Analysis of spectral clustering algorithms for community detection: the general bipartite setting

TL;DR

This paper advances spectral clustering for community detection in bipartite networks by introducing a data-driven regularization method and analyzing its consistency across various models, including sparse graphs.

Contribution

It proposes a new regularization technique that adapts to data without unknown parameters and studies a novel spectral truncation variation, extending theoretical guarantees.

Findings

Regularization restores adjacency matrix concentration in sparse networks

Spectral truncation variation affects misclassification rates

Results extend to inhomogeneous random graphs and graphon models

Abstract

We consider spectral clustering algorithms for community detection under a general bipartite stochastic block model (SBM).
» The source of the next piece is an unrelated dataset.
(* Let $(\mathcal C,\mathbb E,\mathfrak s)$ be an extriangulated category and $\mathcal D$ a class of objects of $\mathcal C$. For $A,C\in\mathcal C$ let $\mathbb I_{\mathcal D}(C,A)$ be the set of $\delta\in\mathbb E(C,A)$ whose realisation $A\xrightarrow{x}B\xrightarrow{y}C$ has $x$ $\mathcal D$-monic, $\mathbb P_{\mathcal D}(C,A)$ the set of those with $y$ $\mathcal D$-epic, and $\mathbb D_{\mathcal D}=\mathbb I_{\mathcal D}\cap\mathbb P_{\mathcal D}$. Then $(\mathbb I_{\mathcal D},\mathfrak s|_{\mathbb I_{\mathcal D}})$, $(\mathbb P_{\mathcal D},\mathfrak s|_{\mathbb P_{\mathcal D}})$ and $(\mathbb D_{\mathcal D},\mathfrak s|_{\mathbb D_{\mathcal D}})$ are external triangulations of $\mathcal C$, and $\mathcal D\subseteq\mathsf{Inj}_{\mathbb I_{\mathcal D}}\mathcal C\subseteq\mathsf{Inj}_{\mathbb D_{\mathcal D}}\mathcal C$ and $\mathcal D\subseteq\mathsf{Proj}_{\mathbb P_{\mathcal D}}\mathcal C\subseteq\mathsf{Proj}_{\mathbb D_{\mathcal D}}\mathcal C$. Suppose moreover that $\mathcal D$ is closed under (arbitrary existing) direct sums and direct summands. Then: (a) if $\mathcal D$ is covariantly finite and all left $\mathcal D$-approximations are $\mathbb E$-inflations, then $\mathcal D=\mathsf{Inj}_{\mathbb I_{\mathcal D}}\mathcal C$ and $\mathcal C$ has enough $\mathbb I_{\mathcal D}$-injectives; (b) if $\mathcal D$ is contravariantly finite and all right $\mathcal D$-approximations are $\mathbb E$-deflations, then $\mathcal D=\mathsf{Proj}_{\mathbb P_{\mathcal D}}\mathcal C$ and $\mathcal C$ has enough $\mathbb P_{\mathcal D}$-projectives; (c) if $\mathcal D$ is functorially finite, left (resp. right) $\mathcal D$-approximations are $\mathbb E$-inflations (resp. $\mathbb E$-deflations), and the cones (resp. co-cones) in the corresponding extriangles of left (resp. right) $\mathcal D$-approximations are $\mathcal D$-epic (resp. $\mathcal D$-monic), then $\mathcal D=\mathsf{Inj}_{\mathbb D_{\mathcal D}}\mathcal C=\mathsf{Proj}_{\mathbb D_{\mathcal D}}\mathcal C$ and $\mathcal C$ has enough $\mathbb D_{\mathcal D}$-injectives and enough $\mathbb D_{\mathcal D}$-projectives.
   Context: All categories are additive and idempotent complete. Extriangulated categories $(\mathcal C,\mathbb E,\mathfrak s)$ are in the sense of Nakaoka–Palu ($\mathbb E$ an additive bifunctor $\mathcal C^{op}\times\mathcal C\to\mathsf{Ab}$, $\mathfrak s(\delta)=[A\xrightarrow{x}B\xrightarrow{y}C]$ its realisation, axioms (ET1)–(ET4)$^{op}$); $x$ is called an $\mathbb E$-inflation, $y$ an $\mathbb E$-deflation, and $y$ is the cone of $x$, $x$ the co-cone of $y$. An external triangulation of $\mathcal C$ is a pair $(\mathbb F,\mathfrak t)$ making $(\mathcal C,\mathbb F,\mathfrak t)$ extriangulated; here $\mathbb I_{\mathcal D}$ etc. are subfunctors of $\mathbb E$. For an external triangulation $\mathbb F$, $\mathsf{Inj}_{\mathbb F}\mathcal C$ is the class of $I$ with $\mathbb F(-,I)=0$ and $\mathsf{Proj}_{\mathbb F}\mathcal C$ the class of $P$ with $\mathbb F(P,-)=0$; enough injectives means every $A$ has an $\mathbb F$-extriangle $A\to I\to C\dashrightarrow$ with $I$ injective (dually for projectives). A morphism $f:A\to B$ is $\mathcal D$-monic if every morphism $A\to D$, $D\in\mathcal D$, factors through $f$; $\mathcal D$-epic if every morphism $D\to B$, $D\in\mathcal D$, factors through $f$. A left (right) $\mathcal D$-approximation of $A$ is a $\mathcal D$-monic $A\to D$ ($\mathcal D$-epic $D\to A$) with $D\in\mathcal D$; covariantly (contravariantly) finite means every object has a left (right) $\mathcal D$-approximation; functorially finite means both. Whether the inflation of a realisation of $\delta$ is $\mathcal D$-monic does not depend on the chosen representative. *)

theory Defs
  imports Main
begin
A modern spectral clustering algorithm consists of three steps: (1) regularization of an appropriate adjacency or Laplacian matrix (2) a form of spectral truncation and (3) a k-means type algorithm in the reduced spectral domain. We focus on the adjacency-based spectral clustering and for the first step, propose a new data-driven regularization that can restore the concentration of the adjacency matrix even for the sparse networks. This result is based on recent work on regularization of random binary matrices, but avoids using unknown population level parameters, and instead estimates the necessary quantities from the data. We also propose and study a novel variation of the spectral truncation step and show how this variation changes the nature of the misclassification rate in a general SBM. We then show how the consistency results can be extended to models beyond SBMs, such as inhomogeneous random graph models with approximate clusters, including a graphon clustering problem, as well as general sub-Gaussian biclustering. A theme of the paper is providing a better understanding of the analysis of spectral methods for community detection and establishing consistency results, under fairly general clustering models and for a wide regime of degree growths, including sparse cases where the average expected degree grows arbitrarily slowly.